(Stored items)
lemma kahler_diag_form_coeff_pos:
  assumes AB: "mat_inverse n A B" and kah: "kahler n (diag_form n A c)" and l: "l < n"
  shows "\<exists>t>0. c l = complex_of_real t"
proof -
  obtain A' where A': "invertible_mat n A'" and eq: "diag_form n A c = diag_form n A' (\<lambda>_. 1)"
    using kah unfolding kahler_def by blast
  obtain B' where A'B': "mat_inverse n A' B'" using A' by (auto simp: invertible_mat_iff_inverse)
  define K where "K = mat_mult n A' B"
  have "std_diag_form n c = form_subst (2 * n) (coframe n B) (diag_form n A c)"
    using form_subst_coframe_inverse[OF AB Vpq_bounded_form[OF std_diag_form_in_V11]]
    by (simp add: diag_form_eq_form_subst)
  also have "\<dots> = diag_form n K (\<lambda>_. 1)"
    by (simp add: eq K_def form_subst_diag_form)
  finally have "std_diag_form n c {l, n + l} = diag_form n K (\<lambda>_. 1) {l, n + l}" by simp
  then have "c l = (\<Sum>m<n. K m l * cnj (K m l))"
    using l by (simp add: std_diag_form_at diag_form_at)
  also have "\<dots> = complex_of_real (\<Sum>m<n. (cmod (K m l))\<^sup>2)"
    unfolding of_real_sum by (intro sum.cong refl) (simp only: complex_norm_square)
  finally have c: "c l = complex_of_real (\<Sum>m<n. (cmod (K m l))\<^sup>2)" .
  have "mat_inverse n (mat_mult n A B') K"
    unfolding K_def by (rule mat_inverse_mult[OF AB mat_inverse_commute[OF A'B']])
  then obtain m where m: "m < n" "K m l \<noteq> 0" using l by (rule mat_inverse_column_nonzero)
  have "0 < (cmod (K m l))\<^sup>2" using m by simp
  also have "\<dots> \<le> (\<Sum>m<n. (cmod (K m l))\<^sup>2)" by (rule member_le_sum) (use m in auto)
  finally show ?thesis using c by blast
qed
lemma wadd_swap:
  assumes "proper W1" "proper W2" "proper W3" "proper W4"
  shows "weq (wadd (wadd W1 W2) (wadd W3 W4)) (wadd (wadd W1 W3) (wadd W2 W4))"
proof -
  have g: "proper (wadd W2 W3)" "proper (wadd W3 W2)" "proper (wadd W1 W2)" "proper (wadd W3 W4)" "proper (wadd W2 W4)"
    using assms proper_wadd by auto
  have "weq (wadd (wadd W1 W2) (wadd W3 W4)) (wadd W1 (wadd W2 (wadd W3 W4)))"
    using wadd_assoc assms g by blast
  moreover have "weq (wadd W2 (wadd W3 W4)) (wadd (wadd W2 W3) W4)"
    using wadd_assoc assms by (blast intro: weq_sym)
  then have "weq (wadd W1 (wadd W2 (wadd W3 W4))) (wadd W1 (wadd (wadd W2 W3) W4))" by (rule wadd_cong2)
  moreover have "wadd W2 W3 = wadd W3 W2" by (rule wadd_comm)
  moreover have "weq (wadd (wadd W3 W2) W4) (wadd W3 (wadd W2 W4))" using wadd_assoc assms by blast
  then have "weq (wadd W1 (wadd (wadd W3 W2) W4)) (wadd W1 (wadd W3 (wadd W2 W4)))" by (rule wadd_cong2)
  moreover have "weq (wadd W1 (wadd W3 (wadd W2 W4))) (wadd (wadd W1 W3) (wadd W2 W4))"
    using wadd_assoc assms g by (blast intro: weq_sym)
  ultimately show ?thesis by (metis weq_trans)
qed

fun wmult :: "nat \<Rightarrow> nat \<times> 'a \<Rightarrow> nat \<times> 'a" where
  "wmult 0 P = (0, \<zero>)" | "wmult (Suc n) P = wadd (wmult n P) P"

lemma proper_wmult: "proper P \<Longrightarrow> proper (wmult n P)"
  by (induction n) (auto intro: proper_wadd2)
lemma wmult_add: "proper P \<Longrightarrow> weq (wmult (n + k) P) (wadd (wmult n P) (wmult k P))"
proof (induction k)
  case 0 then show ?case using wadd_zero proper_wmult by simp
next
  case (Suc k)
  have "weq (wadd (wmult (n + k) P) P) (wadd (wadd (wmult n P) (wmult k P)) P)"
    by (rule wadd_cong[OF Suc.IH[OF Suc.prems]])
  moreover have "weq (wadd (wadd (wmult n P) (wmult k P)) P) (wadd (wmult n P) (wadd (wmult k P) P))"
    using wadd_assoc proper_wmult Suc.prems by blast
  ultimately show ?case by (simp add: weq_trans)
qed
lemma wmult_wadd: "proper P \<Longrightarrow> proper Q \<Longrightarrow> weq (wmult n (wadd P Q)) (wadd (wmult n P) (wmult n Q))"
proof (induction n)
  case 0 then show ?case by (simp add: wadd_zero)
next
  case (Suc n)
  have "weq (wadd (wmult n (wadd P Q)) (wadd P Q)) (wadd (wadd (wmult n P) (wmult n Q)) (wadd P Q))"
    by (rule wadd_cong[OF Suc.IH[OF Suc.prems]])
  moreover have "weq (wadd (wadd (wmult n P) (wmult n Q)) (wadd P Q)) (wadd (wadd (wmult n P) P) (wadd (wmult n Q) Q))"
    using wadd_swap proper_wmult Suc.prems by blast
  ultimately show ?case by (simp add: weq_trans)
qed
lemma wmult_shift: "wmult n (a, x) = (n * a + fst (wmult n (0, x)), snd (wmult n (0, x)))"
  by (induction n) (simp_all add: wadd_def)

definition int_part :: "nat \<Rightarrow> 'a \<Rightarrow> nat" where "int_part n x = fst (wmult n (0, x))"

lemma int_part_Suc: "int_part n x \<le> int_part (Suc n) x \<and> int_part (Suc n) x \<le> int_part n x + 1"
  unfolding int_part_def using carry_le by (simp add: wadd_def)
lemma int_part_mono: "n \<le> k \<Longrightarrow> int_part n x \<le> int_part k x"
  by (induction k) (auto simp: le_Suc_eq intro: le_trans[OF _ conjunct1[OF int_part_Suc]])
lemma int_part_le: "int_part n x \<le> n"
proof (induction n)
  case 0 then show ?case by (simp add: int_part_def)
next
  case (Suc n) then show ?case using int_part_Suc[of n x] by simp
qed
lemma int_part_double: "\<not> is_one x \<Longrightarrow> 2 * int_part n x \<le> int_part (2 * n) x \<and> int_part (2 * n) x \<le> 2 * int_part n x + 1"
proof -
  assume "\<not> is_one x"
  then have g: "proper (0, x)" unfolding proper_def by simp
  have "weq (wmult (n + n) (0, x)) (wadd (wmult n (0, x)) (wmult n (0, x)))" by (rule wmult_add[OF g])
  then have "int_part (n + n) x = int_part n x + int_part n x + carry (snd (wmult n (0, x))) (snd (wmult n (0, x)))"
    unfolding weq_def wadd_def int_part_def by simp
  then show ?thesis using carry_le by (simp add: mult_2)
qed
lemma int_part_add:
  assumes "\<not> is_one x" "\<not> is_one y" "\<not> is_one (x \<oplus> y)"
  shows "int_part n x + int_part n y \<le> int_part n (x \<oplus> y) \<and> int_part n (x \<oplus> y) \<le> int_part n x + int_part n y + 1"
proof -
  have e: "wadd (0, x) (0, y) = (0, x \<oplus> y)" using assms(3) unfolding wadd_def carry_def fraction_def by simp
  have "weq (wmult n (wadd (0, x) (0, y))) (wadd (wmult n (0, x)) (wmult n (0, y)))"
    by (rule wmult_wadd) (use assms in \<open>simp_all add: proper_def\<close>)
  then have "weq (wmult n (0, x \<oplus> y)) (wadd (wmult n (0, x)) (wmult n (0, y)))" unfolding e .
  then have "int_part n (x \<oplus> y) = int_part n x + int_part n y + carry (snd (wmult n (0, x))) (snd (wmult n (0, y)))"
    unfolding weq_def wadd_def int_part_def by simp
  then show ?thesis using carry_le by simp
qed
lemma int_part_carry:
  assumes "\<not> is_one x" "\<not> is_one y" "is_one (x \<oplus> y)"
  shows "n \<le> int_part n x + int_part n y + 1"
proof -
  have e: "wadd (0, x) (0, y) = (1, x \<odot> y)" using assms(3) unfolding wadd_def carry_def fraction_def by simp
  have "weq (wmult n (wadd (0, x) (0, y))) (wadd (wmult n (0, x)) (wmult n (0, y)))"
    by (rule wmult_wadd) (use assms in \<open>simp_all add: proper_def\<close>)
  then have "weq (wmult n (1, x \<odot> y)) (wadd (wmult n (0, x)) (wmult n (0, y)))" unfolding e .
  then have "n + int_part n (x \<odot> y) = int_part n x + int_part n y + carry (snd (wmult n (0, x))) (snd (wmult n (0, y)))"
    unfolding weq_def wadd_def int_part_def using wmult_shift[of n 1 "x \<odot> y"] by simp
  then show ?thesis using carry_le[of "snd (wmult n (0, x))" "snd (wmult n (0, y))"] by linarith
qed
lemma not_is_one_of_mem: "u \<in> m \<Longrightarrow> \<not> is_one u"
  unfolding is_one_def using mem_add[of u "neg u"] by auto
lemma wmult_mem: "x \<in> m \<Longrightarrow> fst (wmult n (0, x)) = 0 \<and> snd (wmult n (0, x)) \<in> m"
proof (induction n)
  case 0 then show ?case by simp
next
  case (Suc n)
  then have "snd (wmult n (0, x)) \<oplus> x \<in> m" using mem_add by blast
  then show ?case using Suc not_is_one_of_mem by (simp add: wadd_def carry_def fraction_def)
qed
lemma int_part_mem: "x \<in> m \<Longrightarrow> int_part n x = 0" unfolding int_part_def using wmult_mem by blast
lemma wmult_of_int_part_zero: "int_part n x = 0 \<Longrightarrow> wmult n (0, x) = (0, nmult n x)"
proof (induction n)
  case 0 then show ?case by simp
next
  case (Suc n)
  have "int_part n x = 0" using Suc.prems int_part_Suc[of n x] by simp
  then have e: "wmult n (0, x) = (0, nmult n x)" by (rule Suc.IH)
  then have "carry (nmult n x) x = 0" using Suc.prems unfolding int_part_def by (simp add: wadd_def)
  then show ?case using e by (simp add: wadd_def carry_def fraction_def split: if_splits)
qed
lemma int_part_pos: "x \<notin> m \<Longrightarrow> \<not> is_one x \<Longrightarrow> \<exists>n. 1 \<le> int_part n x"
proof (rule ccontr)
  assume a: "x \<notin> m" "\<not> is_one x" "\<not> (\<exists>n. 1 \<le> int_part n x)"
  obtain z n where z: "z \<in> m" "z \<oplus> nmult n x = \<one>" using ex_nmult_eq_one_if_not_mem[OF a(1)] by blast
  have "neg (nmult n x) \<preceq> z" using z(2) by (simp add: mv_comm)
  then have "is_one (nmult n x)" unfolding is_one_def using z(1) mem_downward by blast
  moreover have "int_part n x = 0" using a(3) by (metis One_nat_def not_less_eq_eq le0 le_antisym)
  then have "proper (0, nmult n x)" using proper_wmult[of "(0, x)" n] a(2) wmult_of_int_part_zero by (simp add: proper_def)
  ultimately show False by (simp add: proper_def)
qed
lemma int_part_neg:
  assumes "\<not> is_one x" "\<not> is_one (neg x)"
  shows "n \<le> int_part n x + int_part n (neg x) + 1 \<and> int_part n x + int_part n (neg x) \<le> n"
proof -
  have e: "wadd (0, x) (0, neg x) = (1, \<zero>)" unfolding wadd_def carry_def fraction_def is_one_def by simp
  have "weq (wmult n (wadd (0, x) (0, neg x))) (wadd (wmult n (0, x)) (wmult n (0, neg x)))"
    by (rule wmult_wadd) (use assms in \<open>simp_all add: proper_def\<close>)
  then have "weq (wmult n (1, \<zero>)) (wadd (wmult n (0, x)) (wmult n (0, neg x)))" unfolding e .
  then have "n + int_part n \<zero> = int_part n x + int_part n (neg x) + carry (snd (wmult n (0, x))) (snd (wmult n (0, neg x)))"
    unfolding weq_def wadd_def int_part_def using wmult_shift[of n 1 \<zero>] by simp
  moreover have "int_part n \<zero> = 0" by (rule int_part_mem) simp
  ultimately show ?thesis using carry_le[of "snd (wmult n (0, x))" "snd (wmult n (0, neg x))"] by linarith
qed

→ WHAT TO DO
Set down exactly the lines that begin the records and continue through the line bearing "using kah unfolding kahler_def by blast"; include both ends.

→ WRITTEN REPLY
lemma kahler_diag_form_coeff_pos:
  assumes AB: "mat_inverse n A B" and kah: "kahler n (diag_form n A c)" and l: "l < n"
  shows "\<exists>t>0. c l = complex_of_real t"
proof -
  obtain A' where A': "invertible_mat n A'" and eq: "diag_form n A c = diag_form n A' (\<lambda>_. 1)"
    using kah unfolding kahler_def by blast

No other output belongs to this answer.